En los despachos oficiales hacen las mismas cuentas. Explican que, cuando el mercado deja de esperar un salto devaluatorio, la tasa de los futuros de Rofex se asemeja a la tasa de rendimientos de los pesos. Esto ayudó al Banco Central esta semana, que tuvo menos presión para retocar al alza las tasas. ¿Contra qué buscan dar una señal de rendimiento real positivo? En el Gobierno admiten que tanto el dólar como las tasas no pueden seguir de manera lineal la evolución mensual de la inflación, sino que tienen puesta la mira en el mediano plazo. En el caso de los rendimientos en moneda local, buscan que la tasa efectiva anual tenga alguna similitud con el ritmo de inflación anualizada.

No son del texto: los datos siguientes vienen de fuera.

(* Let $\gamma\in(0,2/f_{\max})$. The map $\mathcal T:\mathbb S^{N\times N}\to\mathbb S^{N\times N}$, $\mathcal T(\tilde h)=\mathcal P\big(\gamma\tilde X_R+\tilde h-\gamma(\mathcal F(\tilde h)-\tfrac12)\big)$, is a contraction on the set of real matrices in $\mathbb S^{N\times N}$ with respect to the Frobenius distance.
   Context: $M,N$ positive integers with $N>2M$; $g$ is a real $M\times M$ image with values in $[0,255]$ zero-padded to $N\times N$, $\tilde g=\tilde g_R+j\tilde g_I$ its $N\times N$ 2D-DFT $\mathfrak F(g)$, and $\tilde X_R=\mathbb 1(\tilde g_R+W_R+d_R>0)-\tfrac12$ entrywise, where $W_R$ is independent zero-mean noise of known distribution symmetric about $0$ and $d_R$ independent AWGN dither, ensuring the total noise density is positive on the signal range. $\mathcal F$ is the CDF and $f$ the PDF of the total noise, applied entrywise; $f_{\max}$ is the maximum of $f$ over the region within the bounds of the signal. $\mathbb S=[-255N^2,255N^2]$. $\mathcal P(\tilde h)=\mathfrak F(\textsc{Clip}(\textsc{Proj}(\mathfrak F^{-1}(\tilde h))))$, where $\textsc{Proj}$ zeroes spatial-domain pixels outside the support region (the $2M^2$ pixels of the image block and its reflection $(n_1,n_2)\mapsto(-n_1\bmod N,-n_2\bmod N)$) and $\textsc{Clip}$ clips entries to $[0,255]$. *)

theory Defs
  imports "HOL-Probability.Probability"
begin

type_synonym cmat = "nat \<times> nat \<Rightarrow> complex"
type_synonym rmat = "nat \<times> nat \<Rightarrow> real"

text \<open>Unnormalised N x N 2D DFT and its inverse (indices 0..N-1; entries outside are irrelevant).\<close>
definition dft2 :: "nat \<Rightarrow> cmat \<Rightarrow> cmat" where
  "dft2 N x = (\<lambda>(k1, k2). \<Sum>n1<N. \<Sum>n2<N.
      x (n1, n2) * cis (- 2 * pi * real (k1 * n1 + k2 * n2) / real N))"

definition idft2 :: "nat \<Rightarrow> cmat \<Rightarrow> cmat" where
  "idft2 N y = (\<lambda>(n1, n2). (1 / of_nat (N^2)) * (\<Sum>k1<N. \<Sum>k2<N.
      y (k1, k2) * cis (2 * pi * real (k1 * n1 + k2 * n2) / real N)))"

definition support_region :: "nat \<Rightarrow> nat \<Rightarrow> (nat \<times> nat) set" where
  "support_region N M = {(n1, n2). n1 < M \<and> n2 < M}
     \<union> {((N - n1) mod N, (N - n2) mod N) | n1 n2. n1 < M \<and> n2 < M}"

definition proj_supp :: "nat \<Rightarrow> nat \<Rightarrow> cmat \<Rightarrow> cmat" where
  "proj_supp N M x = (\<lambda>p. if p \<in> support_region N M then x p else 0)"

text \<open>Entrywise clipping to [0,255] (nearest point of the segment [0,255] in the complex plane).\<close>
definition clip255 :: "complex \<Rightarrow> complex" where
  "clip255 z = complex_of_real (max 0 (min 255 (Re z)))"

definition P_op :: "nat \<Rightarrow> nat \<Rightarrow> cmat \<Rightarrow> cmat" where
  "P_op N M h = dft2 N (\<lambda>p. clip255 (proj_supp N M (idft2 N h) p))"

definition zero_pad :: "nat \<Rightarrow> rmat \<Rightarrow> cmat" where
  "zero_pad M g = (\<lambda>(n1, n2). if n1 < M \<and> n2 < M then complex_of_real (g (n1, n2)) else 0)"

text \<open>1-bit measurements of the real part of the DFT (for realisations W, d of the noises).\<close>
definition Xr :: "nat \<Rightarrow> nat \<Rightarrow> rmat \<Rightarrow> rmat \<Rightarrow> rmat \<Rightarrow> rmat" where
  "Xr N M g W d = (\<lambda>p. (if Re (dft2 N (zero_pad M g) p) + W p + d p > 0 then 1 else 0) - 1/2)"

definition noise_cdf :: "real measure \<Rightarrow> real \<Rightarrow> real \<Rightarrow> real" where
  "noise_cdf \<mu> \<sigma> x = measure (distr (\<mu> \<Otimes>\<^sub>M density lborel (normal_density 0 \<sigma>)) borel
      (\<lambda>(w, e). w + e)) {..x}"

definition noise_pdf :: "real measure \<Rightarrow> real \<Rightarrow> real \<Rightarrow> real" where
  "noise_pdf \<mu> \<sigma> x = (\<integral>w. normal_density 0 \<sigma> (x - w) \<partial>\<mu>)"

definition sig_range :: "nat \<Rightarrow> real set" where
  "sig_range N = {- 255 * real (N^2) .. 255 * real (N^2)}"

definition f_max :: "real measure \<Rightarrow> real \<Rightarrow> nat \<Rightarrow> real" where
  "f_max \<mu> \<sigma> N = (SUP x\<in>sig_range N. noise_pdf \<mu> \<sigma> x)"

definition T_op :: "nat \<Rightarrow> nat \<Rightarrow> real measure \<Rightarrow> real \<Rightarrow> real \<Rightarrow> rmat \<Rightarrow> cmat \<Rightarrow> cmat" where
  "T_op N M \<mu> \<sigma> \<gamma> X h = P_op N M (\<lambda>p. complex_of_real
      (\<gamma> * X p + Re (h p) - \<gamma> * (noise_cdf \<mu> \<sigma> (Re (h p)) - 1/2)))"

definition real_S_mats :: "nat \<Rightarrow> cmat set" where
  "real_S_mats N = {h. \<forall>i<N. \<forall>j<N. Im (h (i, j)) = 0 \<and> Re (h (i, j)) \<in> sig_range N}"

definition frob_dist :: "nat \<Rightarrow> cmat \<Rightarrow> cmat \<Rightarrow> real" where
  "frob_dist N A B = sqrt (\<Sum>i<N. \<Sum>j<N. (cmod (A (i, j) - B (i, j)))^2)"

definition is_contraction_on :: "nat \<Rightarrow> cmat set \<Rightarrow> (cmat \<Rightarrow> cmat) \<Rightarrow> bool" where
  "is_contraction_on N D T \<longleftrightarrow> T ` D \<subseteq> D \<and>
     (\<exists>L. 0 \<le> L \<and> L < 1 \<and> (\<forall>a\<in>D. \<forall>b\<in>D. frob_dist N (T a) (T b) \<le> L * frob_dist N a b))"

end

theory Submission
  imports Defs
begin

text \<open>
  \<open>T\<close> is the map \<open>P\<close> applied to the entrywise update \<open>h \<mapsto> \<gamma> X + \<gamma>/2 + \<phi>(h)\<close> with
  \<open>\<phi>(x) = x - \<gamma> F(x)\<close>. Since \<open>F(s) - F(t)\<close> is the integral of the noise density \<open>f\<close> over
  \<open>(t, s]\<close>, and on the compact range \<open>S\<close> the Gaussian dither keeps \<open>f\<close> above some \<open>c > 0\<close>
  while \<open>f \<le> f\<^sub>m\<^sub>a\<^sub>x\<close>, the map \<open>\<phi>\<close> is Lipschitz on \<open>S\<close> with constant
  \<open>max (1 - \<gamma> c) (\<gamma> f\<^sub>m\<^sub>a\<^sub>x - 1) < 1\<close>.
  \<open>P\<close> is nonexpansive for the Frobenius distance: by Parseval the DFT multiplies distances by \<open>N\<close>
  and its inverse by \<open>1/N\<close>, while support projection and clipping act entrywise and are
  nonexpansive. Finally \<open>P\<close> maps real matrices into real matrices with entries in \<open>S\<close>: the
  support is invariant under \<open>n \<mapsto> -n mod N\<close>, so the clipped image of a real spectrum is real and
  reflection symmetric, hence has a real DFT, each entry of which is a sum of \<open>N\<^sup>2\<close> terms of
  modulus at most 255.
\<close>

section \<open>Parseval identity for the 2D DFT\<close>

abbreviation grid :: "nat \<Rightarrow> (nat \<times> nat) set" where
  "grid N \<equiv> {..<N} \<times> {..<N}"

lemma frob_dist_eq_sum_grid: "frob_dist N A B = sqrt (\<Sum>p\<in>grid N. (cmod (A p - B p))^2)"
  unfolding frob_dist_def sum.cartesian_product by (simp add: case_prod_beta)

lemma frob_dist_le_pointwise:
  assumes "0 \<le> L" and "\<And>p. p \<in> grid N \<Longrightarrow> cmod (A p - B p) \<le> L * cmod (C p - D p)"
  shows "frob_dist N A B \<le> L * frob_dist N C D"
proof -
  have "(\<Sum>p\<in>grid N. (cmod (A p - B p))^2) \<le> (\<Sum>p\<in>grid N. L^2 * (cmod (C p - D p))^2)"
  proof (rule sum_mono)
    fix p assume "p \<in> grid N"
    then have "(cmod (A p - B p))^2 \<le> (L * cmod (C p - D p))^2"
      using assms(2) by (intro power_mono) auto
    then show "(cmod (A p - B p))^2 \<le> L^2 * (cmod (C p - D p))^2"
      by (simp add: power_mult_distrib)
  qed
  then have "frob_dist N A B \<le> sqrt (L^2 * (\<Sum>p\<in>grid N. (cmod (C p - D p))^2))"
    unfolding frob_dist_eq_sum_grid sum_distrib_left by (rule real_sqrt_le_mono)
  then show ?thesis
    unfolding frob_dist_eq_sum_grid real_sqrt_mult using assms(1) by simp
qed

lemma cis_2pi_div_cong:
  fixes a b q :: int
  assumes "N > 0" and "a = b + int N * q"
  shows "cis (2 * pi * of_int a / real N) = cis (2 * pi * of_int b / real N)"
proof -
  have "2 * pi * of_int a / real N = 2 * pi * of_int b / real N + 2 * pi * of_int q"
    using assms by (simp add: field_simps)
  moreover have "cis (2 * pi * of_int q) = 1" by (rule cis_multiple_2pi) simp
  ultimately show ?thesis by (simp add: cis_mult[symmetric])
qed

lemma sum_roots_of_unity_eq_0:
  fixes d :: int
  assumes "d \<noteq> 0" and "\<bar>d\<bar> < int N"
  shows "(\<Sum>k<N. cis (2 * pi * real k * of_int d / real N)) = 0"
proof -
  have N: "N > 0" using assms by linarith
  define z where "z = cis (2 * pi * of_int d / real N)"
  have pow: "z ^ k = cis (2 * pi * real k * of_int d / real N)" for k
    unfolding z_def Complex.DeMoivre by (simp add: mult_ac)
  have "z \<noteq> 1"
  proof
    assume "z = 1"
    then obtain n :: int where n: "2 * pi * of_int d / real N = of_int (2 * n) * pi"
      unfolding z_def cis_conv_exp exp_eq_1 by auto
    then have "of_int d = real N * of_int n"
      using N by (simp add: field_simps)
    then have "d = int N * n"
      by (metis of_int_eq_iff of_int_mult of_int_of_nat_eq)
    then show False
      using assms by (cases "n = 0") (auto simp: abs_mult)
  qed
  moreover have "z ^ N = 1"
  proof -
    have "2 * pi * real N * of_int d / real N = 2 * pi * of_int d"
      using N by simp
    then show ?thesis
      unfolding pow by simp
  qed
  ultimately have "(\<Sum>k<N. z ^ k) = 0"
    using geometric_sum[of z N] by simp
  then show ?thesis
    by (simp add: pow)
qed

lemma sum_cis_orthogonal:
  assumes "n < N" and "m < N"
  shows "(\<Sum>k<N. cis (2 * pi * real k * (real n - real m) / real N))
    = (if n = m then of_nat N else 0)"
  using assms sum_roots_of_unity_eq_0[of "int n - int m" N] by (cases "n = m") auto

definition dft_kernel :: "nat \<Rightarrow> nat \<times> nat \<Rightarrow> nat \<times> nat \<Rightarrow> complex" where
  "dft_kernel N k n = cis (2 * pi * real (fst k * fst n + snd k * snd n) / real N)"

lemma dft_kernel_commute: "dft_kernel N k n = dft_kernel N n k"
  unfolding dft_kernel_def by (simp add: mult.commute)

lemma dft_kernel_mult_cnj:
  "dft_kernel N k n * cnj (dft_kernel N k m) =
     cis (2 * pi * real (fst k) * (real (fst n) - real (fst m)) / real N) *
     cis (2 * pi * real (snd k) * (real (snd n) - real (snd m)) / real N)"
proof -
  have "2 * pi * real (fst k * fst n + snd k * snd n) / real N
        - 2 * pi * real (fst k * fst m + snd k * snd m) / real N
      = 2 * pi * real (fst k) * (real (fst n) - real (fst m)) / real N
        + 2 * pi * real (snd k) * (real (snd n) - real (snd m)) / real N"
    by (simp add: add_divide_distrib[symmetric] diff_divide_distrib[symmetric] algebra_simps)
  then show ?thesis
    unfolding dft_kernel_def cis_cnj cis_mult by simp
qed

lemma dft_kernel_orthogonal:
  assumes "n \<in> grid N" and "m \<in> grid N"
  shows "(\<Sum>k\<in>grid N. dft_kernel N k n * cnj (dft_kernel N k m))
    = (if n = m then of_nat (N^2) else 0)"
proof -
  have "(\<Sum>k\<in>grid N. dft_kernel N k n * cnj (dft_kernel N k m))
      = (\<Sum>k1<N. cis (2 * pi * real k1 * (real (fst n) - real (fst m)) / real N)) *
        (\<Sum>k2<N. cis (2 * pi * real k2 * (real (snd n) - real (snd m)) / real N))"
    unfolding dft_kernel_mult_cnj sum.cartesian_product sum_product by (simp add: case_prod_beta)
  also have "\<dots> = (if n = m then of_nat (N^2) else 0)"
    using assms sum_cis_orthogonal[of "fst n" N "fst m"] sum_cis_orthogonal[of "snd n" N "snd m"]
    by (auto simp: prod_eq_iff power2_eq_square)
  finally show ?thesis .
qed

lemma dft_kernel_parseval:
  "(\<Sum>k\<in>grid N. (cmod (\<Sum>n\<in>grid N. u n * dft_kernel N k n))^2)
    = real (N^2) * (\<Sum>n\<in>grid N. (cmod (u n))^2)"
proof -
  have sq: "(complex_of_real (cmod z))^2 = z * cnj z" for z
    using complex_norm_square[of z] by simp
  have "complex_of_real (\<Sum>k\<in>grid N. (cmod (\<Sum>n\<in>grid N. u n * dft_kernel N k n))^2)
      = (\<Sum>k\<in>grid N. \<Sum>n\<in>grid N. \<Sum>m\<in>grid N.
           u n * cnj (u m) * (dft_kernel N k n * cnj (dft_kernel N k m)))"
    by (simp add: sq cnj_sum sum_product algebra_simps)
  also have "\<dots> = (\<Sum>n\<in>grid N. \<Sum>m\<in>grid N.
      u n * cnj (u m) * (\<Sum>k\<in>grid N. dft_kernel N k n * cnj (dft_kernel N k m)))"
  proof -
    have "(\<Sum>k\<in>grid N. \<Sum>n\<in>grid N. \<Sum>m\<in>grid N.
           u n * cnj (u m) * (dft_kernel N k n * cnj (dft_kernel N k m)))
        = (\<Sum>n\<in>grid N. \<Sum>m\<in>grid N. \<Sum>k\<in>grid N.
           u n * cnj (u m) * (dft_kernel N k n * cnj (dft_kernel N k m)))"
      by (subst sum.swap) (rule sum.cong[OF refl], rule sum.swap)
    then show ?thesis
      by (simp only: sum_distrib_left)
  qed
  also have "\<dots> = (\<Sum>n\<in>grid N. \<Sum>m\<in>grid N. u n * cnj (u m) * (if n = m then of_nat (N^2) else 0))"
    by (intro sum.cong refl) (simp add: dft_kernel_orthogonal)
  also have "\<dots> = (\<Sum>n\<in>grid N. u n * cnj (u n) * of_nat (N^2))"
    by (simp add: if_distrib sum.delta cong: if_cong)
  also have "\<dots> = complex_of_real (real (N^2) * (\<Sum>n\<in>grid N. (cmod (u n))^2))"
    by (simp add: sq sum_distrib_left mult_ac)
  finally show ?thesis by (simp only: of_real_eq_iff)
qed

A mediados de esta semana, las tasas implícitas volvieron a subir un poco, debido a que entre martes y jueves “volvieron a devaluar un poco más”, dice Casabal. “Liquidaron menos los exportadores y las compras del central, que venían cerca de 100 millones por día, cayeron a 5 millones el martes y vendieron 20 millones el miércoles”, apuntó el analista.

La estrategia cambiaria, dice Casabal, tiene algunos riesgos. Sobre todo por el tipo de “incentivos” que se dan a los agentes económicos. Si todo el mundo asume que el dólar mañana va a estar más caro que hoy, eso provoca dos efectos -dice Casabal-: por un lado desalienta exportaciones, porque el tipo de cambio de un día es peor que el de los subsiguientes; y por otro lado estimula el adelanto de importaciones. Eso, dice el analista, aprieta sobre la acumulación de reservas, un objetivo fundamental para construir la fortaleza de la economía doméstica y una de las metas “cuantitativas” del acuerdo con el FMI.